Bunuel wrote:
If four integers, a, b, c, and d are chosen at random, with replacement, what is the probability that ab + cd is even?
A. 1/4
B. 3/8
C. 1/2
D. 5/8
E. 3/4
Solution:Since odd + odd = even and even + even = even, then either both ab and cd are odd or they are both even.
If both ab and cd are odd, then a, b, c and d have to be all odd. So the probability is ½ x ½ x ½ x ½ = 1/16 (notice that the probability being odd is ½ and the probability being even is also ½).

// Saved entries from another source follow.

lemma prime_binomial_remainder_dvd:
  fixes c d :: "'a :: comm_ring_1"
  assumes "prime p"
  shows "of_nat p * d ^ 2 dvd (c + d) ^ p - (c ^ p + of_nat p * c ^ (p - 1) * d + d ^ p)"
proof -
  define f where "f k = of_nat (p choose k) * d ^ k * c ^ (p - k)" for k
  have "2 \<le> p" using assms by (rule prime_ge_2_nat)
  then have "{..p} = {0, 1, p} \<union> {2..<p}" by auto
  moreover have "(c + d) ^ p = (\<Sum>k\<le>p. f k)"
    unfolding f_def by (subst add.commute) (rule binomial_ring)
  ultimately have "(c + d) ^ p = f 0 + f 1 + f p + (\<Sum>k\<in>{2..<p}. f k)"
    using \<open>2 \<le> p\<close> by (simp add: sum.union_disjoint)
  also have "f 0 + f 1 + f p = c ^ p + of_nat p * c ^ (p - 1) * d + d ^ p"
    by (simp add: f_def algebra_simps)
  finally have remainder: "(c + d) ^ p - (c ^ p + of_nat p * c ^ (p - 1) * d + d ^ p) = (\<Sum>k\<in>{2..<p}. f k)"
    by simp
  have "of_nat p * d ^ 2 dvd f k" if k: "k \<in> {2..<p}" for k
  proof -
    obtain q where q: "p choose k = p * q"
      using dvd_choose_prime[of k p] k assms by (auto elim: dvdE)
    have "d ^ k = d ^ 2 * d ^ (k - 2)"
      using k by (metis atLeastLessThan_iff le_add_diff_inverse power_add)
    then have "f k = of_nat p * d ^ 2 * (of_nat q * d ^ (k - 2) * c ^ (p - k))"
      by (simp add: f_def q algebra_simps)
    then show ?thesis by simp
  qed
  then show ?thesis
    unfolding remainder by (rule dvd_sum)
qed

lemma prime_power_add_dvd:
  fixes c d :: "'a :: comm_ring_1"
  assumes "prime p"
  shows "of_nat p dvd (c + d) ^ p - (c ^ p + d ^ p)"
proof -
  have "(c + d) ^ p - (c ^ p + d ^ p)
      = ((c + d) ^ p - (c ^ p + of_nat p * c ^ (p - 1) * d + d ^ p)) + of_nat p * (c ^ (p - 1) * d)"
    by (simp add: algebra_simps)
  then show ?thesis
    using prime_binomial_remainder_dvd[OF assms, of d c] by (metis dvd_add dvd_mult_left dvd_triv_left)
qed

lemma fermat_little_int:
  fixes a :: int
  assumes "prime p"
  shows "int p dvd a ^ p - a"
proof (induction a rule: int_induct[where k = 0])
  case base
  show ?case using prime_gt_0_nat[OF assms] by (simp add: power_0_left)
next
  case (step1 i)
  have "int p dvd (i + 1) ^ p - (i ^ p + 1)"
    using prime_power_add_dvd[OF assms, of i 1] by simp
  then have "int p dvd ((i + 1) ^ p - (i ^ p + 1)) + (i ^ p - i)"
    using step1.IH by (rule dvd_add)
  then show ?case by (simp add: algebra_simps)
next
  case (step2 i)
  have "int p dvd i ^ p - ((i - 1) ^ p + 1)"
    using prime_power_add_dvd[OF assms, of "i - 1" 1] by simp
  with step2.IH have "int p dvd (i ^ p - i) - (i ^ p - ((i - 1) ^ p + 1))"
    by (rule dvd_diff)
  then show ?case by (simp add: algebra_simps)
qed

lemma prime_power_binomial_lift_dvd:
  fixes c e :: "'a :: comm_ring_1"
  assumes "prime p" "2 < p" "1 \<le> m"
  shows "of_nat p ^ (m + 2) dvd
           (c + of_nat p ^ m * e) ^ p - (c ^ p + of_nat p ^ (m + 1) * c ^ (p - 1) * e)"
proof -
  define d where "d = of_nat p ^ m * e"
  have "of_nat p ^ (m + 2) dvd (of_nat p ^ (2 * m + 1) :: 'a)"
    using \<open>1 \<le> m\<close> by (intro le_imp_power_dvd) simp
  moreover have "of_nat p * d ^ 2 = of_nat p ^ (2 * m + 1) * e ^ 2"
    by (simp add: d_def power_mult_distrib power_add power_mult mult_ac)
  ultimately have "of_nat p ^ (m + 2) dvd of_nat p * d ^ 2"
    by simp
  then have remainder: "of_nat p ^ (m + 2) dvd
      (c + d) ^ p - (c ^ p + of_nat p * c ^ (p - 1) * d + d ^ p)"
    using prime_binomial_remainder_dvd[OF \<open>prime p\<close>] dvd_trans by blast
  have "m * 3 \<le> m * p"
    using assms(2) by (intro mult_le_mono2) simp
  then have "m + 2 \<le> m * p"
    using assms(3) by linarith
  then have "of_nat p ^ (m + 2) dvd (of_nat p ^ (m * p) :: 'a)"
    by (rule le_imp_power_dvd)
  then have last_term: "of_nat p ^ (m + 2) dvd d ^ p"
    by (simp add: d_def power_mult_distrib power_mult)
  have "(c + d) ^ p - (c ^ p + of_nat p ^ (m + 1) * c ^ (p - 1) * e)
      = ((c + d) ^ p - (c ^ p + of_nat p * c ^ (p - 1) * d + d ^ p)) + d ^ p"
    by (simp add: d_def algebra_simps)
  with remainder last_term have "of_nat p ^ (m + 2) dvd
      (c + d) ^ p - (c ^ p + of_nat p ^ (m + 1) * c ^ (p - 1) * e)"
    by (metis dvd_add)
  then show ?thesis
    by (simp only: d_def)
qed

If both ab and cd are even, then we have:
1) a = even, b = odd, c = even, d = odd
2) a = even, b = odd, c = odd, d = even
3) a = even, b = odd, c = even, d = even
4) a = odd, b = even, c = even, d = odd
5) a = odd, b = even, c = odd, d = even
6) a = odd, b = even, c = even, d = even
7) a = even, b = even, c = even, d = odd
8) a = even, b = even, c = odd, d = even
9) a = even, b = even, c = even, d = even
The probability of any of the cases above is also 1/16. Therefore, the overall probability is 1/16 + 9 x 1/16 = 10/16 = 5/8.
Alternate Solution:ab + cd is even if both ab and cd is even or both ab and cd is odd. Let’s find P(ab is even) (which equals P(cd is even)) and P(ab is odd) (which equals P(cd is odd)):
P(ab is odd) = P(a is odd and b is odd) = 1/2 x 1/2 = 1/4
P(ab is even) = 1 - P(ab is odd) = 1 - 1/4 = 3/4
Now, the probability that both ab and cd are even is found to be P(both ab and cd are even) = P(ab is even) x P(cd is even) = 3/4 x 3/4 = 9/16. Similarly, P(both ab and cd are odd) = P(ab is odd) x P(cd is odd) = 1/4 x 1/4 = 1/16. Thus, P(ab + cd is even) = P(both ab and cd are even) + P(both ab and cd are odd) = 9/16 + 1/16 = 10/16 = 5/8.
Answer: D